Exercise details:
Tell me how many lines of the entries below include the string "finally", and give only the number.

Data extract:
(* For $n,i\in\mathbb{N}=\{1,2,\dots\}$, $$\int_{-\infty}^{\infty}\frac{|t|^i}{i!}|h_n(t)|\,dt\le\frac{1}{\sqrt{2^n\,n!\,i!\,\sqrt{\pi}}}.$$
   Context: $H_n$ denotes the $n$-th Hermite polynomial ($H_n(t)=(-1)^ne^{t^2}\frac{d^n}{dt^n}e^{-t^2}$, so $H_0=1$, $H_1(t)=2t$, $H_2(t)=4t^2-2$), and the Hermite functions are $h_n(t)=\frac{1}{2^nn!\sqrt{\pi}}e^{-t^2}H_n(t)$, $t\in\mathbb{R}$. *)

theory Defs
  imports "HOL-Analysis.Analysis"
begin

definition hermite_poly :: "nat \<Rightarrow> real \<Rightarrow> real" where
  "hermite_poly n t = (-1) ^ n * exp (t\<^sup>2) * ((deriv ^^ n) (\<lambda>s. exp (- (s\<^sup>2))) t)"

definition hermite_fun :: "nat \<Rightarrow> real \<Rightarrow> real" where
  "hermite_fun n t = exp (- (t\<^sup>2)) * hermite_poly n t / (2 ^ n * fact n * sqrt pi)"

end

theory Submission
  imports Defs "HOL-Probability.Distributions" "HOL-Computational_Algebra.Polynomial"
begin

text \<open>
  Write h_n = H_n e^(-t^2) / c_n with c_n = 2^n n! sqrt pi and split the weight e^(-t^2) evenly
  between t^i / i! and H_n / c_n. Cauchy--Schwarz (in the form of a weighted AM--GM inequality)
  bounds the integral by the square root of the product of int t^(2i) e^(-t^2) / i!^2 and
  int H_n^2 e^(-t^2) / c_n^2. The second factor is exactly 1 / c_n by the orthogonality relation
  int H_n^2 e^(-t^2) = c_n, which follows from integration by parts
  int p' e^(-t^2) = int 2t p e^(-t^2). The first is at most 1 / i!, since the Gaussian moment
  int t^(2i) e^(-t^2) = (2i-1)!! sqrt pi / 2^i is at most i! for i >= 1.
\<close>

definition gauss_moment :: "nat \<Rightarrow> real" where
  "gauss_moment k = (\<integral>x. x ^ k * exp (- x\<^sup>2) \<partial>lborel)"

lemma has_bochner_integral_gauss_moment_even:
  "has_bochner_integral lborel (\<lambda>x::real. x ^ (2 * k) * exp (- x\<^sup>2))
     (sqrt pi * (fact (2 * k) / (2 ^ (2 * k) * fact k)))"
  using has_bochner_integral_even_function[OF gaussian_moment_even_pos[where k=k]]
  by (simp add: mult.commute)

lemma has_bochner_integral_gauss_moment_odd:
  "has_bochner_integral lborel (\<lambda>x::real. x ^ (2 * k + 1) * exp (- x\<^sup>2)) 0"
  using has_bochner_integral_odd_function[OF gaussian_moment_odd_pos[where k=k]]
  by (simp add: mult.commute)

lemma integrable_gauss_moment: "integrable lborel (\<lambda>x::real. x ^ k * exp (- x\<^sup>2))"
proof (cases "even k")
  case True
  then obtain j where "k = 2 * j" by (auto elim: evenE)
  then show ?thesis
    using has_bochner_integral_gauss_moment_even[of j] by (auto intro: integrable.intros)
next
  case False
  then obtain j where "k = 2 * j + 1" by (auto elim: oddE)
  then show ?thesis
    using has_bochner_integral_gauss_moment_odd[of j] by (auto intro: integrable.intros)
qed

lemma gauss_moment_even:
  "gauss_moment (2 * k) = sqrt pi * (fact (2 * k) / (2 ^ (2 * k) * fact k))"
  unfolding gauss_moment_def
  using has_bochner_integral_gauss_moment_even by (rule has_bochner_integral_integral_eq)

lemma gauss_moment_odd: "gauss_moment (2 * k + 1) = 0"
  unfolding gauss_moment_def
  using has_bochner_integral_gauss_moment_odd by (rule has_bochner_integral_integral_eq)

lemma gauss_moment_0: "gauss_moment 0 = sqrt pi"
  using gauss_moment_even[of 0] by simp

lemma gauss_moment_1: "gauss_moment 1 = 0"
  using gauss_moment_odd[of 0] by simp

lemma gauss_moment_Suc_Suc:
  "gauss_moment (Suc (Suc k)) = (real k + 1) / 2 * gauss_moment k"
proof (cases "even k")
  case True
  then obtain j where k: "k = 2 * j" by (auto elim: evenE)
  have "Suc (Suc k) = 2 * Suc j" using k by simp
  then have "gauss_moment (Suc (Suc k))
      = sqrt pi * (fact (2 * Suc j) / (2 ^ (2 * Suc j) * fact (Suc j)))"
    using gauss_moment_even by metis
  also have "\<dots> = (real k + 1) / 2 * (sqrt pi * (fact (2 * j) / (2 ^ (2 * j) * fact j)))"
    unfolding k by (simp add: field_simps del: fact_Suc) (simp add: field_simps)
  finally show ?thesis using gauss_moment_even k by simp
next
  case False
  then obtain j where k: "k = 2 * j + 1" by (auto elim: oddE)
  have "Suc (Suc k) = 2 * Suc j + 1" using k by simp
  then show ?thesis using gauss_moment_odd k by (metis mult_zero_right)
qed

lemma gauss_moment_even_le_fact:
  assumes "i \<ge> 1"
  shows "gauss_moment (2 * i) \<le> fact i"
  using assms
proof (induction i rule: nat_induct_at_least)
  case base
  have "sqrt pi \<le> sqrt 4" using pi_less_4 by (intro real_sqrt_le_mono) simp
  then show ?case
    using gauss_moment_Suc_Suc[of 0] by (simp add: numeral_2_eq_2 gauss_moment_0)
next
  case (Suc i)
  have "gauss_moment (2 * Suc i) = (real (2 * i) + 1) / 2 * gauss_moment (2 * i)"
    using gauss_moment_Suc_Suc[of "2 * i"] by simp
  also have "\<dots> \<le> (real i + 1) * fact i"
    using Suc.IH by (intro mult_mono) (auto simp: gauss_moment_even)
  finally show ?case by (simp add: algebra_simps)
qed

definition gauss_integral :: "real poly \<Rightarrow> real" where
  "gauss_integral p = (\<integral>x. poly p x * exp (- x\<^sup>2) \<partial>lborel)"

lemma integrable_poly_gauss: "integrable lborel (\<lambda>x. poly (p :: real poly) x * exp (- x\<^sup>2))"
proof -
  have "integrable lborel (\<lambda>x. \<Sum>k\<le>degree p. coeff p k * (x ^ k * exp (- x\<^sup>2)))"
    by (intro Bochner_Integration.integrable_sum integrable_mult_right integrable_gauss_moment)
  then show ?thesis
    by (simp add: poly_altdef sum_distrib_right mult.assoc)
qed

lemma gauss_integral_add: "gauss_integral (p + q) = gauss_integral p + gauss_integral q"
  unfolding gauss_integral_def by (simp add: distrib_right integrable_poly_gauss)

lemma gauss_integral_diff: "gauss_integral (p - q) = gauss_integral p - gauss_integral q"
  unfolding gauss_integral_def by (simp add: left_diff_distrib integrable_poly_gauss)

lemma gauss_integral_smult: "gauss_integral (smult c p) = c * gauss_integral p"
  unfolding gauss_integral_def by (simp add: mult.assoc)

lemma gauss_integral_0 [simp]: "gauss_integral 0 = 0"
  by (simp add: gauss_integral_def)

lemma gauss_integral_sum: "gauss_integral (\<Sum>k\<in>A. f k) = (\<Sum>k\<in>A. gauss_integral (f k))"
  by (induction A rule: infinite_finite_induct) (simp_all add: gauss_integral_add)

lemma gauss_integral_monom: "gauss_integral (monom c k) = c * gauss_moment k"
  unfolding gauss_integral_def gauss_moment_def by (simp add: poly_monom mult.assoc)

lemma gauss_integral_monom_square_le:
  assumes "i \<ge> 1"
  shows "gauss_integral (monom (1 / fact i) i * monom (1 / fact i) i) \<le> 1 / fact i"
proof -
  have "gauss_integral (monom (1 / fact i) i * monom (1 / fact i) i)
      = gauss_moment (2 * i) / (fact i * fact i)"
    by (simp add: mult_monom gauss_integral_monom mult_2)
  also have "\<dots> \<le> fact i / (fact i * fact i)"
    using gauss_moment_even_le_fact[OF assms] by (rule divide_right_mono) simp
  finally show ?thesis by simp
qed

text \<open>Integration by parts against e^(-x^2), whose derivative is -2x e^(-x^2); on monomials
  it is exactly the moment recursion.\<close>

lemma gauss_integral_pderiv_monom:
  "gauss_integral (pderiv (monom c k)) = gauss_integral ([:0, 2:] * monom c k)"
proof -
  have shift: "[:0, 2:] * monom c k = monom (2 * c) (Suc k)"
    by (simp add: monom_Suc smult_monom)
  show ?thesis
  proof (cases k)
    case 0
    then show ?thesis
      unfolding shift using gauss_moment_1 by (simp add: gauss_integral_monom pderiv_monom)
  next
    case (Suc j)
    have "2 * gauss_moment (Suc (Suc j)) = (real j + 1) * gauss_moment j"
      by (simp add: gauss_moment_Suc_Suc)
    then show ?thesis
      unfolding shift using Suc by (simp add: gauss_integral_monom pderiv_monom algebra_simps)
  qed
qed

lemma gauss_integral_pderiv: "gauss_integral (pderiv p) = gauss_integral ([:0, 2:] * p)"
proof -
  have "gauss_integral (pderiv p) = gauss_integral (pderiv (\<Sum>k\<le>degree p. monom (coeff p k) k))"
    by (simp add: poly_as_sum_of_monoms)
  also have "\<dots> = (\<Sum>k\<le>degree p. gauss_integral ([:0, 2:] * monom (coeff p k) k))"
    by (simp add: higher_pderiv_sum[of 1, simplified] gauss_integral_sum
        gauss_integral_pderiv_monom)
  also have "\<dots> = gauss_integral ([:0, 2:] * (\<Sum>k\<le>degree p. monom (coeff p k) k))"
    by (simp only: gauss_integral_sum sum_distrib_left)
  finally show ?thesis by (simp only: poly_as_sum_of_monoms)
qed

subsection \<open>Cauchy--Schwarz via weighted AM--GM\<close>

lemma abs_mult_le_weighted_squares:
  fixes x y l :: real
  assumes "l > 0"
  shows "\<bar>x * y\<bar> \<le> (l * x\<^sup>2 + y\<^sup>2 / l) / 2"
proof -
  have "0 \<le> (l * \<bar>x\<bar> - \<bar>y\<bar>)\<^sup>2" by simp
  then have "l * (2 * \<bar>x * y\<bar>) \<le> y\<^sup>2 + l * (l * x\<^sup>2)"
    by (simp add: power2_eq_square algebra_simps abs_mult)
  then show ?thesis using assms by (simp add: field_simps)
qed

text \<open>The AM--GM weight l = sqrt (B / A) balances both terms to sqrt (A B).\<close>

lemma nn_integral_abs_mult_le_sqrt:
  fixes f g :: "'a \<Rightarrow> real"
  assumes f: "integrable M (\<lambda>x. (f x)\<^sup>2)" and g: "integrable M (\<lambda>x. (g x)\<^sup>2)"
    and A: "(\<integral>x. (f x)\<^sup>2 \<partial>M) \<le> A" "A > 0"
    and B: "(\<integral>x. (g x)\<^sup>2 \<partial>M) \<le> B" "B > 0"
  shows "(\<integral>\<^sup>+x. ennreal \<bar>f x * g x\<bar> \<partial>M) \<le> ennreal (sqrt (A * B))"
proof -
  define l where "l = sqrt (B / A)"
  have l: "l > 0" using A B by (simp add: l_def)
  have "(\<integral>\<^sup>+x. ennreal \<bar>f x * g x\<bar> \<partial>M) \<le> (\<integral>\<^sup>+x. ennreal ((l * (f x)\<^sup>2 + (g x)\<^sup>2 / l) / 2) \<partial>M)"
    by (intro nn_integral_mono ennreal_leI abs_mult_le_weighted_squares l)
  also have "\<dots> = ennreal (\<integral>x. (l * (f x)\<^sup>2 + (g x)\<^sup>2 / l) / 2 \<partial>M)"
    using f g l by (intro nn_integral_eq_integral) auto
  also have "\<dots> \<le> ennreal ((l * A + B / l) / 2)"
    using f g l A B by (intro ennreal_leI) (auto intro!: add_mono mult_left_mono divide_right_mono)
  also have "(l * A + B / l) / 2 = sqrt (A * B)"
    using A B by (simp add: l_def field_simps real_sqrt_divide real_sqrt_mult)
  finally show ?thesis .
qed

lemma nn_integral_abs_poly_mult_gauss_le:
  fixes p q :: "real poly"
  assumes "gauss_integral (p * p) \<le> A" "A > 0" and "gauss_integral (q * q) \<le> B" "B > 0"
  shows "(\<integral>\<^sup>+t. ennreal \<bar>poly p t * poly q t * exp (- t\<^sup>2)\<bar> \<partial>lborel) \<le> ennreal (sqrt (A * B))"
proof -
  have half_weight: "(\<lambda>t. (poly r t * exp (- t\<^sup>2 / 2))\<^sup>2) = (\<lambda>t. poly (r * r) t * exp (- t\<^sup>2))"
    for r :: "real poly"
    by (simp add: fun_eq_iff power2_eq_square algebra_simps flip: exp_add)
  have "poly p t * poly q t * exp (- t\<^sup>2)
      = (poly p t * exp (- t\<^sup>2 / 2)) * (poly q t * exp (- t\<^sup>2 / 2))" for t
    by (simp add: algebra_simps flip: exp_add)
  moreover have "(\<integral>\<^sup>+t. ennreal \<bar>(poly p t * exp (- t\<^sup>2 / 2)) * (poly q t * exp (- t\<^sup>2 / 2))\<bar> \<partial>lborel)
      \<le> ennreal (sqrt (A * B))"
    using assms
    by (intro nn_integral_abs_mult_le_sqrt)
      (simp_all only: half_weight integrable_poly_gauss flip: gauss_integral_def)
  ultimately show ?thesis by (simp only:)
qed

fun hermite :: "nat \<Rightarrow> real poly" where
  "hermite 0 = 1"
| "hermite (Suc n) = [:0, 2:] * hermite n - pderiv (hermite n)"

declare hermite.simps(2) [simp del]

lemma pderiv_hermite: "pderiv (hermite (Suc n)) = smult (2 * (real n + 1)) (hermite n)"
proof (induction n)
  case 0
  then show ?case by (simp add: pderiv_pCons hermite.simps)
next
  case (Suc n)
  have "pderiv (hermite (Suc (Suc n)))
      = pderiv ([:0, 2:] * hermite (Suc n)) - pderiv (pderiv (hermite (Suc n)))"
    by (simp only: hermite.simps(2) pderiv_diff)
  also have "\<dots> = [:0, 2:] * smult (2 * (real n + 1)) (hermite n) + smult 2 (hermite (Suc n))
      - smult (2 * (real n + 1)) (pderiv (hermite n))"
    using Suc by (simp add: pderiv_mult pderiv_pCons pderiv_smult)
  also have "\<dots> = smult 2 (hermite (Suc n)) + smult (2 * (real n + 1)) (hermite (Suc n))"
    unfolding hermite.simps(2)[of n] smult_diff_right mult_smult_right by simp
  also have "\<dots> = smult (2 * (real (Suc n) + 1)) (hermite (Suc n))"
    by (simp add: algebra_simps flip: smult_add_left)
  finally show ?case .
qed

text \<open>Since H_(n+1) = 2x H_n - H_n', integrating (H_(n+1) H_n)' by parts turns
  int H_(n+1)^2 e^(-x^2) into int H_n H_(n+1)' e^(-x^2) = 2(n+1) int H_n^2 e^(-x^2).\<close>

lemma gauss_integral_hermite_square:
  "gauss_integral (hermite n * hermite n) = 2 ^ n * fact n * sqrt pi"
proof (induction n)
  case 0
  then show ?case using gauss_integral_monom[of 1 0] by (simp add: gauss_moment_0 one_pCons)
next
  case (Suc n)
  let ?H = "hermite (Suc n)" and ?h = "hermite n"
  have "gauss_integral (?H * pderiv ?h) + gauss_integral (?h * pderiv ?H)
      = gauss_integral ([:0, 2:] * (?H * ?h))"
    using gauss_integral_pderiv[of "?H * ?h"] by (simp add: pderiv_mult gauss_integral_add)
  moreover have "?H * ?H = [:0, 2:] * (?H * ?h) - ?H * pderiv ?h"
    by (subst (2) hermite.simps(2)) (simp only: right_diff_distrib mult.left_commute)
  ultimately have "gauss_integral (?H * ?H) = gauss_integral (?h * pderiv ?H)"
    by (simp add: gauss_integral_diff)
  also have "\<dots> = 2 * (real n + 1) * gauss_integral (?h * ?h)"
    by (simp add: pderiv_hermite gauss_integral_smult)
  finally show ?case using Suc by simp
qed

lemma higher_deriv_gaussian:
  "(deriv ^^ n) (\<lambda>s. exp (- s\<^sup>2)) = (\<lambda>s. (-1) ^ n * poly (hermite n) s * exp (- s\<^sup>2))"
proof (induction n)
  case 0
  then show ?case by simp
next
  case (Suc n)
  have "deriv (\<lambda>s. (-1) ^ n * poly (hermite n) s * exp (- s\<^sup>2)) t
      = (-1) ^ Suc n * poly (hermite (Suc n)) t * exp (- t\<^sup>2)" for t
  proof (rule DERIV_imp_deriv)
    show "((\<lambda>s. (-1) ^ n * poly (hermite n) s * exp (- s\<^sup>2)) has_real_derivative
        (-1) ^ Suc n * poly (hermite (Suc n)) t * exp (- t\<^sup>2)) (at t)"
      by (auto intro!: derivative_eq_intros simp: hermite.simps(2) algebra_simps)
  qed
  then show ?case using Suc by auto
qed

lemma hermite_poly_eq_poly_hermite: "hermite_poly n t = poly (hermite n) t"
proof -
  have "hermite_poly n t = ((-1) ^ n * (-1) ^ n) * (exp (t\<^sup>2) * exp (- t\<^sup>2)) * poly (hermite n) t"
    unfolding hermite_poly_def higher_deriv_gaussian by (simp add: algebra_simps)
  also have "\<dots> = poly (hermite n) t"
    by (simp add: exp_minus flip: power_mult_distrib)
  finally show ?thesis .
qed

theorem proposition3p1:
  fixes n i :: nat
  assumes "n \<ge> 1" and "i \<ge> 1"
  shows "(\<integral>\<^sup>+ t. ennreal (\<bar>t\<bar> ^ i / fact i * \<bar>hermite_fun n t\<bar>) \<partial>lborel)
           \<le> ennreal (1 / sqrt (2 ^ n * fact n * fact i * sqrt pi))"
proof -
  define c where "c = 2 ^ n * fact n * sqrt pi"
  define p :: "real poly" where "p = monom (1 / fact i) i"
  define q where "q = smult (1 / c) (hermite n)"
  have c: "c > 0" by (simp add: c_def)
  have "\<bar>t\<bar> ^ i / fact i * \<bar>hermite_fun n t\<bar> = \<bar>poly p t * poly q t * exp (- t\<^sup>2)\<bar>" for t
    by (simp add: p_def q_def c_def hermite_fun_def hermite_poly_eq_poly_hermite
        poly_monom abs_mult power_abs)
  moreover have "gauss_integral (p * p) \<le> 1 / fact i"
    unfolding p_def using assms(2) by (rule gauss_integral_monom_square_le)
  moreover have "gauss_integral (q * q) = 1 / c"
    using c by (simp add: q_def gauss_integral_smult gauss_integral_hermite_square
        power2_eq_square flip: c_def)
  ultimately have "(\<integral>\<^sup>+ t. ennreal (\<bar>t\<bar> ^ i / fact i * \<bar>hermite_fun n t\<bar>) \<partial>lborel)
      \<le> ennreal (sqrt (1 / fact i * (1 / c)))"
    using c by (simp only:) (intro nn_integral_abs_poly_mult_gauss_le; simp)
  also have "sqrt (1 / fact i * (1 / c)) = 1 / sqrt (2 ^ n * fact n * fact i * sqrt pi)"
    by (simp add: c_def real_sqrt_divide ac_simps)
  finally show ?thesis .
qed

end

Result of the exercise:
9